lemma L2_inner_commute: "L2_inner h k = L2_inner k h"
  unfolding L2_inner_def by (simp add: mult.commute)

lemma L2_inner_diff_left:
  assumes "f \<in> L2_01" and "g \<in> L2_01" and "k \<in> L2_01"
  shows "L2_inner (\<lambda>t. f t - g t) k = L2_inner f k - L2_inner g k"
  unfolding L2_inner_def left_diff_distrib
  using assms by (intro set_integral_diff L2_01_mult_integrable)

lemma L2_norm_square: "(L2_norm h)\<^sup>2 = L2_inner h h"
proof -
  have "0 \<le> L2_inner h h"
    unfolding L2_inner_def set_lebesgue_integral_def
    by (rule integral_nonneg_AE) (auto simp: indicator_def)
  then show ?thesis
    unfolding L2_norm_def by simp
qed

lemma L2_log_likelihood_ratio:
  assumes "f \<in> L2_01" and "g \<in> L2_01"
  shows "L2_inner (\<lambda>t. f t - g t) f - (L2_norm f)\<^sup>2 / 2 + (L2_norm g)\<^sup>2 / 2
           = (L2_norm (\<lambda>t. f t - g t))\<^sup>2 / 2"
    and "L2_inner (\<lambda>t. f t - g t) g - (L2_norm f)\<^sup>2 / 2 + (L2_norm g)\<^sup>2 / 2
           = - (L2_norm (\<lambda>t. f t - g t))\<^sup>2 / 2"
  using L2_inner_diff_left[OF assms L2_01_diff[OF assms]]
    L2_inner_diff_left[OF assms assms(1)] L2_inner_diff_left[OF assms assms(2)]
    L2_inner_commute[of f "\<lambda>t. f t - g t"] L2_inner_commute[of g "\<lambda>t. f t - g t"]
    L2_inner_commute[of g f]
  unfolding L2_norm_square by linarith+

lemma exp_neg_half_le_four_exp:
  fixes D :: real
  assumes "0 \<le> D" and "D < 1 / 2"
  shows "exp (- 1 / 2) \<le> 4 * exp (- (1 + D / 2)\<^sup>2 / 2)"
proof -
  have "1 / 4 \<le> exp (- (9 / 32 :: real))"
    using exp_ge_add_one_self[of "- (9 / 32) :: real"] by simp
  then have "exp (- 1 / 2) \<le> exp (- 1 / 2) * (4 * exp (- (9 / 32 :: real)))"
    by simp
  also have "\<dots> = 4 * exp (- (25 / 32 :: real))"
    by (simp add: exp_add[symmetric])
  also have "\<dots> \<le> 4 * exp (- (1 + D / 2)\<^sup>2 / 2)"
  proof -
    have "(1 + D / 2)\<^sup>2 \<le> (5 / 4)\<^sup>2"
      using assms by (intro power_mono) auto
    then show ?thesis
      by (simp add: power2_eq_square)
  qed
  finally show ?thesis .
qed

lemma min_bound_le_interval_bound:
  fixes \<epsilon> D :: real
  assumes "0 < \<epsilon>" and "\<epsilon> < 1 / 4" and "0 < D"
  defines "E \<equiv> exp (- (1 + D / 2)\<^sup>2 / 2)"
  shows "1 / sqrt (2 * pi) * min (\<epsilon> / D * E) (exp (- 1 / 2) / 2)
           \<le> 2 * min (2 * \<epsilon>) D * E / (sqrt (2 * pi) * D)"
proof (cases "2 * \<epsilon> \<le> D")
  case True
  have "1 / sqrt (2 * pi) * min (\<epsilon> / D * E) (exp (- 1 / 2) / 2)
      \<le> 1 / sqrt (2 * pi) * (\<epsilon> / D * E)"
    by (intro mult_left_mono) auto
  also have "\<dots> \<le> 2 * (2 * \<epsilon>) * E / (sqrt (2 * pi) * D)"
    using assms by (simp add: E_def field_simps)
  finally show ?thesis
    using True by simp
next
  case False
  have "exp (- 1 / 2) / 2 \<le> 2 * E"
    using exp_neg_half_le_four_exp[of D] False assms unfolding E_def by simp
  then have "1 / sqrt (2 * pi) * min (\<epsilon> / D * E) (exp (- 1 / 2) / 2)
      \<le> 1 / sqrt (2 * pi) * (2 * E)"
    by (intro mult_left_mono) auto
  also have "\<dots> = 2 * D * E / (sqrt (2 * pi) * D)"
    using assms by simp
  finally show ?thesis
    using False by simp
qed

locale two_signal_model = prob_space M
  for M :: "'a measure" and Y :: "'a \<Rightarrow> bool" and W :: "(real \<Rightarrow> real) \<Rightarrow> 'a \<Rightarrow> real"
    and f g :: "real \<Rightarrow> real" +
  assumes f_L2: "f \<in> L2_01" and g_L2: "g \<in> L2_01"
    and separated: "L2_norm (\<lambda>t. f t - g t) > 0"
    and Y_measurable [measurable]: "Y \<in> measurable M (count_space UNIV)"
    and prob_Y: "prob {\<omega> \<in> space M. Y \<omega>} = 1 / 2"
    and isonormal: "isonormal_L2_01 M W"
    and Y_W_indep: "indep_set
           {Y -` A \<inter> space M | A. A \<in> sets (count_space UNIV)}
           {(\<lambda>\<omega>. restrict (\<lambda>h. W h \<omega>) L2_01) -` B \<inter> space M | B.
              B \<in> sets (PiM L2_01 (\<lambda>_. borel))}"
begin

abbreviation \<delta> :: "real \<Rightarrow> real" where
  "\<delta> \<equiv> \<lambda>t. f t - g t"

abbreviation \<Delta> :: real where
  "\<Delta> \<equiv> L2_norm \<delta>"

lemma \<delta>_L2: "\<delta> \<in> L2_01"
  using L2_01_diff[OF f_L2 g_L2] .

lemma W_\<delta>_distributed: "distributed M lborel (W \<delta>) (\<lambda>x. ennreal (normal_density 0 \<Delta> x))"
  using isonormal \<delta>_L2 separated unfolding isonormal_L2_01_def by auto

lemma W_\<delta>_measurable [measurable]: "W \<delta> \<in> borel_measurable M"
  using distributed_measurable[OF W_\<delta>_distributed] by simp

lemma eta_X_eq_logistic:
  "eta_X f g Y W \<omega> =
     (let z = (if Y \<omega> then \<Delta>\<^sup>2 / 2 else - \<Delta>\<^sup>2 / 2) + W \<delta> \<omega> in exp z / (1 + exp z))"
proof -
  have "int_dX f g Y W \<delta> \<omega> - (L2_norm f)\<^sup>2 / 2 + (L2_norm g)\<^sup>2 / 2
      = (if Y \<omega> then \<Delta>\<^sup>2 / 2 else - \<Delta>\<^sup>2 / 2) + W \<delta> \<omega>"
    using L2_log_likelihood_ratio[OF f_L2 g_L2] unfolding int_dX_def by auto
  then show ?thesis
    unfolding eta_X_def by simp
qed

lemma eta_X_measurable [measurable]: "eta_X f g Y W \<in> borel_measurable M"
proof -
  have [measurable]: "Measurable.pred M Y"
    unfolding pred_def using Y_measurable by simp
  show ?thesis
    unfolding eta_X_eq_logistic[abs_def] Let_def by measurable
qed

lemma prob_Y_eq: "prob {\<omega> \<in> space M. Y \<omega> = b} = 1 / 2"
proof (cases b)
  case False
  have "{\<omega> \<in> space M. Y \<omega> = False} = space M - {\<omega> \<in> space M. Y \<omega>}"
    by auto
  then show ?thesis
    using False prob_Y by (simp add: prob_compl)
qed (simp add: prob_Y)

lemma prob_Y_inter_W:
  assumes "h \<in> L2_01" and "I \<in> sets borel"
  shows "prob ({\<omega> \<in> space M. Y \<omega> = b} \<inter> (W h -` I \<inter> space M))
           = prob (W h -` I \<inter> space M) / 2"
proof -
  let ?P = "PiM L2_01 (\<lambda>_. borel)"
  have "(\<lambda>x. x h) -` I \<inter> space ?P \<in> sets ?P"
    using measurable_sets[OF measurable_component_singleton[OF assms(1)] assms(2)] by simp
  moreover have "W h -` I \<inter> space M
      = (\<lambda>\<omega>. restrict (\<lambda>h. W h \<omega>) L2_01) -` ((\<lambda>x. x h) -` I \<inter> space ?P) \<inter> space M"
    using assms(1) by (auto simp: space_PiM PiE_iff)
  ultimately have W_event: "W h -` I \<inter> space M
      \<in> {(\<lambda>\<omega>. restrict (\<lambda>h. W h \<omega>) L2_01) -` B \<inter> space M | B. B \<in> sets ?P}"
    by blast
  have Y_event: "Y -` {b} \<inter> space M \<in> {Y -` A \<inter> space M | A. A \<in> sets (count_space UNIV)}"
    by auto
  have "{\<omega> \<in> space M. Y \<omega> = b} = Y -` {b} \<inter> space M"
    by auto
  then show ?thesis
    using indep_setD[OF Y_W_indep Y_event W_event] prob_Y_eq[of b] by simp
qed

lemma prob_W_\<delta>_interval_ge:
  assumes "0 < \<beta>" and "\<beta> \<le> \<Delta>" and "\<bar>c\<bar> = \<Delta>\<^sup>2 / 2"
  shows "2 * \<beta> * exp (- (1 + \<Delta> / 2)\<^sup>2 / 2) / (sqrt (2 * pi) * \<Delta>)
           \<le> prob (W \<delta> -` {c - \<beta> .. c + \<beta>} \<inter> space M)"
proof -
  let ?m = "exp (- (1 + \<Delta> / 2)\<^sup>2 / 2) / (sqrt (2 * pi) * \<Delta>)"
  have "?m \<le> normal_density 0 \<Delta> x" if "x \<in> {c - \<beta> .. c + \<beta>}" for x
  proof -
    have "\<bar>x\<bar> \<le> \<Delta> * (1 + \<Delta> / 2)"
      using that assms by (auto simp: power2_eq_square algebra_simps)
    from normal_density_ge[OF separated this]
    show ?thesis
      using separated by (simp add: power_mult_distrib)
  qed
  then have "?m * ((c + \<beta>) - (c - \<beta>)) \<le> prob (W \<delta> -` {c - \<beta> .. c + \<beta>} \<inter> space M)"
    using assms separated by (intro prob_interval_ge_density_bound[OF W_\<delta>_distributed]) auto
  then show ?thesis
    by (simp add: field_simps)
qed

lemma prob_eta_X_near_half_ge:
  assumes "0 < \<beta>" and "\<beta> \<le> \<Delta>"
  shows "2 * \<beta> * exp (- (1 + \<Delta> / 2)\<^sup>2 / 2) / (sqrt (2 * pi) * \<Delta>)
           \<le> prob {\<omega> \<in> space M. \<bar>eta_X f g Y W \<omega> - 1 / 2\<bar> \<le> \<beta> / 2}"
proof -
  define c :: "bool \<Rightarrow> real" where "c b = (if b then - \<Delta>\<^sup>2 / 2 else \<Delta>\<^sup>2 / 2)" for b
  define near where
    "near b = {\<omega> \<in> space M. Y \<omega> = b} \<inter> (W \<delta> -` {c b - \<beta> .. c b + \<beta>} \<inter> space M)" for b
  let ?S = "{\<omega> \<in> space M. \<bar>eta_X f g Y W \<omega> - 1 / 2\<bar> \<le> \<beta> / 2}"
  have "near True \<union> near False \<subseteq> ?S"
  proof
    fix \<omega> assume "\<omega> \<in> near True \<union> near False"
    then have "\<omega> \<in> space M" and "\<bar>W \<delta> \<omega> - c (Y \<omega>)\<bar> \<le> \<beta>"
      unfolding near_def by auto
    moreover have "eta_X f g Y W \<omega> = exp (W \<delta> \<omega> - c (Y \<omega>)) / (1 + exp (W \<delta> \<omega> - c (Y \<omega>)))"
      unfolding eta_X_eq_logistic c_def Let_def by (simp add: algebra_simps)
    ultimately show "\<omega> \<in> ?S"
      using logistic_minus_half_abs_le[of "W \<delta> \<omega> - c (Y \<omega>)"] by simp
  qed
  moreover have "?S \<in> sets M"
    by measurable
  ultimately have "prob (near True \<union> near False) \<le> prob ?S"
    by (rule finite_measure_mono)
  also have "prob (near True \<union> near False) = prob (near True) + prob (near False)"
    unfolding near_def by (intro finite_measure_Union) auto
  finally have sum_le: "prob (near True) + prob (near False) \<le> prob ?S" .
  have near_ge: "2 * \<beta> * exp (- (1 + \<Delta> / 2)\<^sup>2 / 2) / (sqrt (2 * pi) * \<Delta>) \<le> 2 * prob (near b)"
    for b
  proof -
    have "prob (near b) = prob (W \<delta> -` {c b - \<beta> .. c b + \<beta>} \<inter> space M) / 2"
      unfolding near_def by (rule prob_Y_inter_W[OF \<delta>_L2]) simp
    moreover have "\<bar>c b\<bar> = \<Delta>\<^sup>2 / 2"
      by (simp add: c_def)
    ultimately show ?thesis
      using prob_W_\<delta>_interval_ge[OF assms, of "c b"] by simp
  qed
  show ?thesis
    using sum_le near_ge[of True] near_ge[of False] by linarith
qed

> Assignment
Scan the entries above for the string "UNIV" and copy each line that contains it.

> Answer area
    and Y_measurable [measurable]: "Y \<in> measurable M (count_space UNIV)"
           {Y -` A \<inter> space M | A. A \<in> sets (count_space UNIV)}
  have Y_event: "Y -` {b} \<inter> space M \<in> {Y -` A \<inter> space M | A. A \<in> sets (count_space UNIV)}"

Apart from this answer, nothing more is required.